■ **WHAT YOU ARE ASKED TO DO**
Where does the word "vertical" appear in the entries below? Copy each line that holds it.

■ **TASK INPUTS**
(* For $a>0$, $n\ge1$ and $i,j\in\{0,1,\dots,n-1\}$, $$\frac{Z(i,j,1,a,n)}{Z_n(1,a)}=\sum_{\substack{k,l\in\{0,1\}\\(i-k,j-l)\ne(-1,-1)}}a^{k+l}\frac{Z(i-k,j-l,1,a,n-1)}{Z_{n-1}(1,a)(1+a^2)}+\frac{a}{1+a^2}\mathbb{I}_{(i,j)=(0,0),\,n\ge1},$$ where $Z(i,j,1,a,n-1)=0$ unless both $i,j\in\{0,1,\dots,n-2\}$.
   Context: Aztec diamond of size $n$: white vertices $\{(x_1,x_2): x_1\text{ odd},\ x_2\text{ even},\ 1\le x_1\le 2n-1,\ 0\le x_2\le 2n\}$, black vertices $\{(x_1,x_2): x_1\text{ even},\ x_2\text{ odd},\ 0\le x_1\le 2n,\ 1\le x_2\le 2n-1\}$, adjacency when black minus white is $\pm e_1$ with $e_1=(1,1)$ ("horizontal" edges) or $\pm e_2$ with $e_2=(-1,1)$ ("vertical" edges). $Z_n(r,a)$ is the partition function (sum over perfect matchings of products of edge weights) when horizontal edges have weight $r$ and vertical edges weight $ra$; $Z_0(1,a)=1$. $Z(i,j,r,a,n)$ is the partition function of the same weighted graph with vertices $(2i+1,0)$ and $(0,2j+1)$ removed. *)

theory Defs
  imports Complex_Main
begin

definition aztec_white :: "nat \<Rightarrow> (int \<times> int) set" where
  "aztec_white n = {(x1, x2). odd x1 \<and> even x2 \<and> 1 \<le> x1 \<and> x1 \<le> 2 * int n - 1
                      \<and> 0 \<le> x2 \<and> x2 \<le> 2 * int n}"

definition aztec_black :: "nat \<Rightarrow> (int \<times> int) set" where
  "aztec_black n = {(x1, x2). even x1 \<and> odd x2 \<and> 0 \<le> x1 \<and> x1 \<le> 2 * int n
                      \<and> 1 \<le> x2 \<and> x2 \<le> 2 * int n - 1}"

(* edges are pairs (white, black); black - white = \<plusminus>e1 (horizontal) or \<plusminus>e2 (vertical),
   e1 = (1,1), e2 = (-1,1) *)
definition horiz_step :: "int \<times> int \<Rightarrow> int \<times> int \<Rightarrow> bool" where
  "horiz_step w b \<longleftrightarrow> (fst b - fst w, snd b - snd w) \<in> {(1, 1), (-1, -1)}"

definition vert_step :: "int \<times> int \<Rightarrow> int \<times> int \<Rightarrow> bool" where
  "vert_step w b \<longleftrightarrow> (fst b - fst w, snd b - snd w) \<in> {(-1, 1), (1, -1)}"

definition az_edges :: "(int \<times> int) set \<Rightarrow> (int \<times> int) set \<Rightarrow> ((int \<times> int) \<times> (int \<times> int)) set" where
  "az_edges W B = {(w, b). w \<in> W \<and> b \<in> B \<and> (horiz_step w b \<or> vert_step w b)}"

definition edge_weight :: "real \<Rightarrow> real \<Rightarrow> (int \<times> int) \<times> (int \<times> int) \<Rightarrow> real" where
  "edge_weight r a e = (if horiz_step (fst e) (snd e) then r else r * a)"

definition perfect_matchings :: "(int \<times> int) set \<Rightarrow> (int \<times> int) set \<Rightarrow> ((int \<times> int) \<times> (int \<times> int)) set set" where
  "perfect_matchings W B = {M. M \<subseteq> az_edges W B
      \<and> (\<forall>w\<in>W. \<exists>!b. (w, b) \<in> M) \<and> (\<forall>b\<in>B. \<exists>!w. (w, b) \<in> M)}"

definition partition_fn :: "(int \<times> int) set \<Rightarrow> (int \<times> int) set \<Rightarrow> real \<Rightarrow> real \<Rightarrow> real" where
  "partition_fn W B r a = (\<Sum>M\<in>perfect_matchings W B. \<Prod>e\<in>M. edge_weight r a e)"

definition Zn :: "nat \<Rightarrow> real \<Rightarrow> real \<Rightarrow> real" where
  "Zn n r a = partition_fn (aztec_white n) (aztec_black n) r a"

definition Zrem :: "int \<Rightarrow> int \<Rightarrow> real \<Rightarrow> real \<Rightarrow> nat \<Rightarrow> real" where
  "Zrem i j r a n = (if 0 \<le> i \<and> i < int n \<and> 0 \<le> j \<and> j < int n
      then partition_fn (aztec_white n - {(2 * i + 1, 0)}) (aztec_black n - {(0, 2 * j + 1)}) r a
      else 0)"

end

theory Submission
  imports Defs
begin

text \<open>
  The diamond is scanned row by row from the bottom.  A row of white vertices is encoded by the
  list of its vertices still to be matched, and the partition function of the part of the diamond
  above a row is obtained from the one above the next row by a transfer operator \<open>T = U D\<close>:
  \<open>U\<close> matches the free white vertices to the black row above and \<open>D\<close> matches the remaining black
  vertices to the next white row.  Removing the black vertex \<open>(0, 2j + 1)\<close> replaces \<open>T\<close> by a
  hole operator \<open>H\<close> at step \<open>j\<close>, and removing the white vertex \<open>(2i + 1, 0)\<close> changes the
  initial row.  Both \<open>U\<close> and \<open>D\<close> are computed column by column by a two-state automaton, and
  the argument rests on four commutation relations, proved entrywise by induction on the columns:
  \<open>U\<^sub>n D\<^sub>n = (1 + a\<^sup>2) D\<^sub>n U\<^sub>n\<^sub>-\<^sub>1\<close>, \<open>U H D = T H + a H T\<close>, \<open>U H e = a H e\<close> for the empty row \<open>e\<close>,
  and \<open>H D = D H\<close> on the initial rows, up to an extra term \<open>a T\<close> when the removed white vertex
  is the first one.  Pushing \<open>U\<close> through \<open>T\<^sup>j H T\<^sup>n\<^sup>-\<^sup>1\<^sup>-\<^sup>j e\<close> with these relations shrinks the
  diamond by one; it produces the factor \<open>(1 + a\<^sup>2)\<^sup>n\<^sup>-\<^sup>1\<close>, the four neighbouring removal
  positions, and, for \<open>i = j = 0\<close>, the correction term \<open>a Z\<^sub>n\<^sub>-\<^sub>1\<close>.
\<close>

section \<open>Perfect matchings of bipartite graphs\<close>

definition matchings :: "('w \<Rightarrow> 'b \<Rightarrow> bool) \<Rightarrow> 'w set \<Rightarrow> 'b set \<Rightarrow> ('w \<times> 'b) set set" where
  "matchings E W B = {M. M \<subseteq> {(w, b). w \<in> W \<and> b \<in> B \<and> E w b}
      \<and> (\<forall>w\<in>W. \<exists>!b. (w, b) \<in> M) \<and> (\<forall>b\<in>B. \<exists>!w. (w, b) \<in> M)}"

lemma matchings_edge: "M \<in> matchings E W B \<Longrightarrow> (w, b) \<in> M \<Longrightarrow> w \<in> W \<and> b \<in> B \<and> E w b"
  unfolding matchings_def by blast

■ **RESULT OF THE TASK**
   Context: Aztec diamond of size $n$: white vertices $\{(x_1,x_2): x_1\text{ odd},\ x_2\text{ even},\ 1\le x_1\le 2n-1,\ 0\le x_2\le 2n\}$, black vertices $\{(x_1,x_2): x_1\text{ even},\ x_2\text{ odd},\ 0\le x_1\le 2n,\ 1\le x_2\le 2n-1\}$, adjacency when black minus white is $\pm e_1$ with $e_1=(1,1)$ ("horizontal" edges) or $\pm e_2$ with $e_2=(-1,1)$ ("vertical" edges). $Z_n(r,a)$ is the partition function (sum over perfect matchings of products of edge weights) when horizontal edges have weight $r$ and vertical edges weight $ra$; $Z_0(1,a)=1$. $Z(i,j,r,a,n)$ is the partition function of the same weighted graph with vertices $(2i+1,0)$ and $(0,2j+1)$ removed. *)
(* edges are pairs (white, black); black - white = \<plusminus>e1 (horizontal) or \<plusminus>e2 (vertical),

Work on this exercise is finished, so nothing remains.